It is entirely obvious that this type of “insulation” of
economics from politics is homologous and analogous to the presumed separation
of faith from reason and philosophy from theology that Spinoza attempts and
claims to have demonstrated: the “freedom” – of opinion and faith – guaranteed
by “the State of Law” of liberal society depends entirely on this separation! Spinoza
assumes here that faith is a pure intense
feeling of devotion to a Supreme Being that abstracts from, and voids itself of,
any specific content that might concern human behavior – excluding, of course,
the very action of focusing on this faith by sheer mental exertion. For
Spinoza, faith consists of pure Piety and Obedience. For Spinoza, Reason, by
contrast - although like faith it remains a pure mental process (a “tool”, just
like instrumental reason or indeed economics for Schumpeter and Joan Robinson was
“a box of tools”) that is entirely conceptual and therefore abstract and
formal, that is, immaterial – , yet must be applied purely
instrumentally to human activities to determine how and to what extent they are
feasible.
But it is just as obvious, however, how untenable Spinoza’s
proposition is. Faith always and inevitably, like any other thought, must have
a material content, not least because
it is a material thought process. (One may recall here Kant’s saying that “intuition
without concepts is blind, and concepts without intuition are empty”. As we
have sought to show in our discussion of Kant in “The Philosophy of the Flesh”, this is probably as close as Kant
ever got to admitting that thoughts too are “material”. Heidegger’s anthropological
existentialist reformulation of Kant’s idealism in the Kantbuch moves in a parallel direction to ours.) For Spinoza, faith
can be without practical content – a pure dimension of thought; an ethereal intension, rather than a practical extension; whereas reason must have a
practical extension or application, for otherwise it would not be “reason” at
all – that is, both ratio and causa, both calculation of the relation between real material entities and causal link between them. For him faith
is an abstract belief or emotion toward the Deity – it is pure “piety and
obedience” – and can therefore be “empty” as well as “blind”. But piety toward whom
or what, we ask? Worse still, Obedience
to whose Will? By contrast, Reason is
instead a formal faculty to connect real thoughts and entities: it cannot be
“empty” because reason cannot ec-sist
without the world; and it most certainly is not “blind” because its only
purpose is to be applied to the world (cf.

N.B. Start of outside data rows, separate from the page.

(* Let $a<b$ and let $f:[a,b]\rightarrow\mathbb{R}$ be a twice continuously differentiable mapping in $(a,b)$ with $f''\in L^2[a,b]$. Then for all $x\in[a,\frac{a+b}{2}]$, \[ \left|\frac{f(x)+f(a+b-x)}{2}-\frac{1}{b-a}\int_{a}^{b}f(t)\,dt\right| \leq \frac{(b-a)^{1/2}}{\pi}\left[\frac{(b-a)^2}{48}+\left(x-\frac{3a+b}{4}\right)^2\right]^{1/2}\|f''\|_2. \]
   Context: $\|g\|_2=\left(\int_a^b g(t)^2\,dt\right)^{1/2}$. *)

theory Defs
  imports "HOL-Analysis.Analysis"
begin

definition L2norm :: "(real \<Rightarrow> real) \<Rightarrow> real \<Rightarrow> real \<Rightarrow> real" where
  "L2norm g a b = sqrt (integral {a..b} (\<lambda>t. (g t)\<^sup>2))"

end

theory Submission
  imports Defs
begin
(* The collection of all simplified three-dimensional copulas is dense in $(\mathcal{C}^3,d_\infty)$.
   Context: $\mathcal{C}^3$ is the set of all three-dimensional copulas and $d_\infty(C_1,C_2)=\max_{\mathbf{x}\in[0,1]^3}|C_1(\mathbf{x})-C_2(\mathbf{x})|$. Write points of $[0,1]^3$ as $(\mathbf{u},v)$, $\mathbf{u}=(u_1,u_2)$, and let $\lambda$ be Lebesgue measure. For $C\in\mathcal{C}^3$, $K_C$ is (a version of) the regular conditional distribution of $(U_1,U_2)$ given $U_3=v$, $(U_1,U_2,U_3)\sim C$; $F_{1|3}(u_1|t)=K_C(t,[0,u_1]\times[0,1])$, $F_{2|3}(u_2|t)=K_C(t,[0,1]\times[0,u_2])$. $C$ is simplified if (i) there is a bivariate copula $A$ with $C(\mathbf{u},v)=\int_{[0,v]}A(F_{1|3}(u_1|t),F_{2|3}(u_2|t))\,d\lambda(t)$ for all $(\mathbf{u},v)$, and (ii) for $\lambda$-a.e. $t$ the functions $F_{1|3}(\cdot|t)$, $F_{2|3}(\cdot|t)$ are continuous. *)

theory Defs
  imports "HOL-Probability.Probability"
begin

definition copula2 :: "(real \<Rightarrow> real \<Rightarrow> real) \<Rightarrow> bool" where
  "copula2 A \<longleftrightarrow>
     (\<forall>u\<in>{0..1}. A u 0 = 0 \<and> A 0 u = 0 \<and> A u 1 = u \<and> A 1 u = u) \<and>
     (\<forall>a1 b1 a2 b2. 0 \<le> a1 \<and> a1 \<le> b1 \<and> b1 \<le> 1 \<and> 0 \<le> a2 \<and> a2 \<le> b2 \<and> b2 \<le> 1 \<longrightarrow>
        A b1 b2 - A a1 b2 - A b1 a2 + A a1 a2 \<ge> 0)"

definition copula3 :: "(real \<Rightarrow> real \<Rightarrow> real \<Rightarrow> real) \<Rightarrow> bool" where
  "copula3 C \<longleftrightarrow>
     (\<forall>x\<in>{0..1}. \<forall>y\<in>{0..1}. C 0 x y = 0 \<and> C x 0 y = 0 \<and> C x y 0 = 0) \<and>
     (\<forall>x\<in>{0..1}. C x 1 1 = x \<and> C 1 x 1 = x \<and> C 1 1 x = x) \<and>
     (\<forall>a1 b1 a2 b2 a3 b3. 0 \<le> a1 \<and> a1 \<le> b1 \<and> b1 \<le> 1 \<and> 0 \<le> a2 \<and> a2 \<le> b2 \<and> b2 \<le> 1
        \<and> 0 \<le> a3 \<and> a3 \<le> b3 \<and> b3 \<le> 1 \<longrightarrow>
        C b1 b2 b3 - C a1 b2 b3 - C b1 a2 b3 - C b1 b2 a3
        + C a1 a2 b3 + C a1 b2 a3 + C b1 a2 a3 - C a1 a2 a3 \<ge> 0)"

definition d_inf :: "(real \<Rightarrow> real \<Rightarrow> real \<Rightarrow> real) \<Rightarrow> (real \<Rightarrow> real \<Rightarrow> real \<Rightarrow> real) \<Rightarrow> real" where
  "d_inf C1 C2 = (SUP x\<in>{0..1} \<times> {0..1} \<times> {0..1}.
      \<bar>C1 (fst x) (fst (snd x)) (snd (snd x)) - C2 (fst x) (fst (snd x)) (snd (snd x))\<bar>)"

text \<open>K is a version of the regular conditional distribution of (U1,U2) given U3 = t,
  for (U1,U2,U3) distributed according to C: a Markov kernel from the real line into
  probability measures on [0,1]^2 whose mixture against Lebesgue measure on [0,v]
  reproduces C on boxes.\<close>
definition cond_kernel :: "(real \<Rightarrow> real \<Rightarrow> real \<Rightarrow> real) \<Rightarrow> (real \<Rightarrow> (real \<times> real) measure) \<Rightarrow> bool" where
  "cond_kernel C K \<longleftrightarrow>
     K \<in> borel \<rightarrow>\<^sub>M prob_algebra borel \<and>
     (\<forall>t. emeasure (K t) ({0..1} \<times> {0..1}) = 1) \<and>
     (\<forall>u1\<in>{0..1}. \<forall>u2\<in>{0..1}. \<forall>v\<in>{0..1}.
        C u1 u2 v = (LINT t:{0..v}|lborel. measure (K t) ({0..u1} \<times> {0..u2})))"

definition F13 :: "(real \<Rightarrow> (real \<times> real) measure) \<Rightarrow> real \<Rightarrow> real \<Rightarrow> real" where
  "F13 K t u1 = measure (K t) ({0..u1} \<times> {0..1})"

definition F23 :: "(real \<Rightarrow> (real \<times> real) measure) \<Rightarrow> real \<Rightarrow> real \<Rightarrow> real" where
  "F23 K t u2 = measure (K t) ({0..1} \<times> {0..u2})"

definition simplified :: "(real \<Rightarrow> real \<Rightarrow> real \<Rightarrow> real) \<Rightarrow> bool" where
  "simplified C \<longleftrightarrow> (\<exists>K A. cond_kernel C K \<and> copula2 A \<and>
     (\<forall>u1\<in>{0..1}. \<forall>u2\<in>{0..1}. \<forall>v\<in>{0..1}.
        C u1 u2 v = (LINT t:{0..v}|lborel. A (F13 K t u1) (F23 K t u2))) \<and>
     (AE t in lborel. t \<in> {0..1} \<longrightarrow>
        continuous_on UNIV (F13 K t) \<and> continuous_on UNIV (F23 K t)))"

end

theory Submission
  imports Defs
begin

text \<open>
  Cut the unit cube into \<open>n\<^sup>3\<close> cells of side \<open>1/n\<close>; their \<open>C\<close>-volumes are nonnegative and
  sum to \<open>1\<close>. Enumerate the cells with the third index slowest and let the time
  \<open>t = U\<^sub>3\<close> run through consecutive intervals whose lengths are these volumes; while
  \<open>t\<close> is in the interval of the cell \<open>(i, j, k)\<close>, let \<open>(U\<^sub>1, U\<^sub>2)\<close> be uniform on the square
  \<open>[i/n, (i+1)/n] \<times> [j/n, (j+1)/n]\<close>. The cells of layer \<open>k\<close> use up exactly the time interval
  \<open>[k/n, (k+1)/n]\<close>, so the resulting copula agrees with \<open>C\<close> at all grid points. Its
  conditional laws are products of continuous distribution functions, so it is simplified
  with the independence copula. Copulas are \<open>1\<close>-Lipschitz in each argument, hence agreement
  on the grid gives uniform distance at most \<open>6/n\<close>.
\<close>

section \<open>Copulas\<close>

lemma copula3_grounded:
  assumes "copula3 C" "x \<in> {0..1}" "y \<in> {0..1}"
  shows "C 0 x y = 0" "C x 0 y = 0" "C x y 0 = 0"
  using assms unfolding copula3_def by blast+

lemma copula3_margins:
  assumes "copula3 C" "x \<in> {0..1}"
  shows "C x 1 1 = x" "C 1 x 1 = x" "C 1 1 x = x"
  using assms unfolding copula3_def by blast+

lemma copula3_volume_nonneg:
  assumes "copula3 C" "0 \<le> a1" "a1 \<le> b1" "b1 \<le> 1" "0 \<le> a2" "a2 \<le> b2" "b2 \<le> 1"
    "0 \<le> a3" "a3 \<le> b3" "b3 \<le> 1"
  shows "C b1 b2 b3 - C a1 b2 b3 - C b1 a2 b3 - C b1 b2 a3
    + C a1 a2 b3 + C a1 b2 a3 + C b1 a2 a3 - C a1 a2 a3 \<ge> 0"
  using assms unfolding copula3_def by blast

lemma copula3_swap12:
  assumes "copula3 C" shows "copula3 (\<lambda>x y z. C y x z)"
  unfolding copula3_def
proof (intro conjI ballI allI impI)
  fix x y :: real assume "x \<in> {0..1}" "y \<in> {0..1}"
  then show "C x 0 y = 0" "C 0 x y = 0" "C y x 0 = 0"
    using copula3_grounded[OF assms] by auto
next
  fix x :: real assume "x \<in> {0..1}"
  then show "C 1 x 1 = x" "C x 1 1 = x" "C 1 1 x = x"
    using copula3_margins[OF assms] by auto
next
  fix a1 b1 a2 b2 a3 b3 :: real
  assume "0 \<le> a1 \<and> a1 \<le> b1 \<and> b1 \<le> 1 \<and> 0 \<le> a2 \<and> a2 \<le> b2 \<and> b2 \<le> 1
    \<and> 0 \<le> a3 \<and> a3 \<le> b3 \<and> b3 \<le> 1"
  then show "0 \<le> C b2 b1 b3 - C b2 a1 b3 - C a2 b1 b3 - C b2 b1 a3
    + C a2 a1 b3 + C b2 a1 a3 + C a2 b1 a3 - C a2 a1 a3"
    using copula3_volume_nonneg[OF assms, of a2 b2 a1 b1 a3 b3] by linarith
qed

lemma copula3_swap13:
  assumes "copula3 C" shows "copula3 (\<lambda>x y z. C z y x)"
  unfolding copula3_def
proof (intro conjI ballI allI impI)
  fix x y :: real assume "x \<in> {0..1}" "y \<in> {0..1}"
  then show "C y x 0 = 0" "C y 0 x = 0" "C 0 y x = 0"
    using copula3_grounded[OF assms] by auto
next
  fix x :: real assume "x \<in> {0..1}"
  then show "C 1 1 x = x" "C 1 x 1 = x" "C x 1 1 = x"
    using copula3_margins[OF assms] by auto
next
  fix a1 b1 a2 b2 a3 b3 :: real
  assume "0 \<le> a1 \<and> a1 \<le> b1 \<and> b1 \<le> 1 \<and> 0 \<le> a2 \<and> a2 \<le> b2 \<and> b2 \<le> 1
    \<and> 0 \<le> a3 \<and> a3 \<le> b3 \<and> b3 \<le> 1"
  then show "0 \<le> C b3 b2 b1 - C b3 b2 a1 - C b3 a2 b1 - C a3 b2 b1
    + C b3 a2 a1 + C a3 b2 a1 + C a3 a2 b1 - C a3 a2 a1"
    using copula3_volume_nonneg[OF assms, of a3 b3 a2 b2 a1 b1] by linarith
qed

lemma copula3_increment1_bounds:
  assumes "copula3 C" "0 \<le> a" "a \<le> b" "b \<le> 1" "y \<in> {0..1}" "z \<in> {0..1}"
  shows "0 \<le> C b y z - C a y z" "C b y z - C a y z \<le> b - a"
proof -
  have ab: "a \<in> {0..1}" "b \<in> {0..1}" and unit: "(0::real) \<in> {0..1}" "(1::real) \<in> {0..1}"
    using assms by auto
  note vol = copula3_volume_nonneg[OF assms(1-4)]
  note zero = copula3_grounded[OF assms(1)]
  have "0 \<le> C b y z - C a y z"
    using vol[of 0 y 0 z] assms ab unit by (simp add: zero)
  moreover have "0 \<le> C b y 1 - C a y 1 - C b y z + C a y z"
    using vol[of 0 y z 1] assms ab unit by (simp add: zero)
  moreover have "0 \<le> b - a - C b y 1 + C a y 1"
    using vol[of y 1 0 1] assms ab unit by (simp add: zero copula3_margins[OF assms(1)])
  ultimately show "0 \<le> C b y z - C a y z" "C b y z - C a y z \<le> b - a" by linarith+
qed

lemma copula3_lipschitz:
  assumes "copula3 C" "x1 \<in> {0..1}" "x2 \<in> {0..1}" "x3 \<in> {0..1}"
    "y1 \<in> {0..1}" "y2 \<in> {0..1}" "y3 \<in> {0..1}"
  shows "\<bar>C x1 x2 x3 - C y1 y2 y3\<bar> \<le> \<bar>x1 - y1\<bar> + \<bar>x2 - y2\<bar> + \<bar>x3 - y3\<bar>"
proof -
  have lip1: "\<bar>D a y z - D b y z\<bar> \<le> \<bar>a - b\<bar>"
    if "copula3 D" "a \<in> {0..1}" "b \<in> {0..1}" "y \<in> {0..1}" "z \<in> {0..1}" for D a b y z
    using copula3_increment1_bounds[OF that(1), of a b y z] copula3_increment1_bounds[OF that(1), of b a y z] that
    by (cases "a \<le> b") auto
  have "\<bar>C x1 x2 x3 - C y1 x2 x3\<bar> \<le> \<bar>x1 - y1\<bar>"
    using lip1[OF assms(1)] assms by blast
  moreover have "\<bar>C y1 x2 x3 - C y1 y2 x3\<bar> \<le> \<bar>x2 - y2\<bar>"
    using lip1[OF copula3_swap12[OF assms(1)]] assms by blast
  moreover have "\<bar>C y1 y2 x3 - C y1 y2 y3\<bar> \<le> \<bar>x3 - y3\<bar>"
    using lip1[OF copula3_swap13[OF assms(1)]] assms by blast
  ultimately show ?thesis by linarith
qed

Kant’s notion of intuition).
Pure faith is “blind” when and because it is devoid of reason, not backed by
practical experience. Reason cannot be co-extensive with faith because its
goals must always be backed by evidence. Faith other than faith in Reason must
be blind; Reason cannot be blind if
it wishes to preserve itself. Reason must be concrete; faith cannot be so. Yet,
empty faith is pointless! Blind faith is the contrary of “empty faith”: –
indeed, it is so “blindly” fixed or fixated
on its “points” – the object of faith - that there is no point in arguing against it! It is pointless to attempt to persuade blind faith from pursuing its
“point”! The point of blind faith is that it cannot be disproven; it is
implicit, total, blind – it is immune to reason and reasoning! (For a more
sympathetic approach to faith, but one wholly consistent with ours here, see
amongst others M. Cacciari, Della Cosa
Ultima, p.127.) This point can be driven home if we begin to think of
religious faith in terms of “religious observance”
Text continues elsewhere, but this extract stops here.